lemma prob_R_large_blocked_pair:
  "prob_R n (\<lambda>ori. \<exists>R S \<pi>. R \<subseteq> A1 n \<and> real (card R) \<ge> real n / 20 \<and>
                          S \<subseteq> A2 n \<and> real (card S) \<ge> real n / 20 \<and>
                          bij_betw \<pi> (verts n) {1 .. card (verts n)} \<and>
                          (\<forall>u v. (u, v) \<in> L_perm n ori \<pi> \<longrightarrow>
                              \<not> ((u \<in> R \<and> v \<in> S) \<or> (u \<in> S \<and> v \<in> R))))
     \<le> 4 ^ n * (2 * real n) ^ (2 * n) / 2 powr (real n ^ 2 / 400)"
  (is "prob_R n ?blocked \<le> _")
proof -
  define G where "G = verts n \<rightarrow>\<^sub>E {1 .. card (verts n)}"
  define I where "I = {(R', S', g) \<in> Pow {..<n} \<times> Pow {..<n} \<times> G.
                        real n / 20 \<le> real (card R') \<and> real n / 20 \<le> real (card S')}"
  have finite_triples: "finite (Pow {..<n} \<times> Pow {..<n} \<times> G)"
    by (simp add: G_def finite_PiE finite_verts)
  then have "finite I"
    by (rule rev_finite_subset) (auto simp: I_def)
  have "card I \<le> card (Pow {..<n} \<times> Pow {..<n} \<times> G)"
    using finite_triples by (intro card_mono) (auto simp: I_def)
  then have "real (card I) \<le> real (4 ^ n * (2 * n) ^ (2 * n))"
    by (simp only: G_def card_Pow_Pow_orders of_nat_le_iff)
  then have card_I: "real (card I) \<le> 4 ^ n * (2 * real n) ^ (2 * n)"
    by simp
  have "prob_R n ?blocked \<le> prob_R n (\<lambda>ori. \<exists>z\<in>I. case z of (R', S', g) \<Rightarrow> backward_on R' S' g ori)"
  proof (rule prob_R_mono)
    fix ori assume "?blocked ori"
    then obtain R S \<pi> where R: "R \<subseteq> A1 n" "real (card R) \<ge> real n / 20"
      and S: "S \<subseteq> A2 n" "real (card S) \<ge> real n / 20"
      and bij: "bij_betw \<pi> (verts n) {1 .. card (verts n)}"
      and no_forward: "\<forall>u v. (u, v) \<in> L_perm n ori \<pi> \<longrightarrow> \<not> ((u \<in> R \<and> v \<in> S) \<or> (u \<in> S \<and> v \<in> R))"
      by blast
    have "inj_on snd R" "inj_on snd S"
      using R(1) S(1) by (auto simp: inj_on_def A1_iff A2_iff prod_eq_iff)
    then have "(snd ` R, snd ` S, restrict \<pi> (verts n)) \<in> I"
      using R S bij by (auto simp: I_def G_def card_image A1_iff A2_iff bij_betw_def)
    moreover have "backward_on (snd ` R) (snd ` S) (restrict \<pi> (verts n)) ori"
      using bij no_forward R(1) S(1) by (intro backward_on_if_no_forward_edge) (auto simp: bij_betw_def)
    ultimately show "\<exists>z\<in>I. case z of (R', S', g) \<Rightarrow> backward_on R' S' g ori"
      by force
  qed
  also have "\<dots> \<le> (\<Sum>z\<in>I. prob_R n (\<lambda>ori. case z of (R', S', g) \<Rightarrow> backward_on R' S' g ori))"
    by (rule prob_R_union_bound[OF \<open>finite I\<close>])
  also have "\<dots> \<le> real (card I) * (1 / 2 powr (real n ^ 2 / 400))"
    by (rule sum_bounded_above) (auto simp: I_def intro: prob_R_backward_on_large)
  also have "\<dots> \<le> 4 ^ n * (2 * real n) ^ (2 * n) / 2 powr (real n ^ 2 / 400)"
    using card_I by (simp add: divide_right_mono)
  finally show ?thesis .
qed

----

> _WORK ORDER_:
Provide the number of lines above containing "longrightarrow" and nothing else.

> _OUTPUT FOR THIS TASK_:
2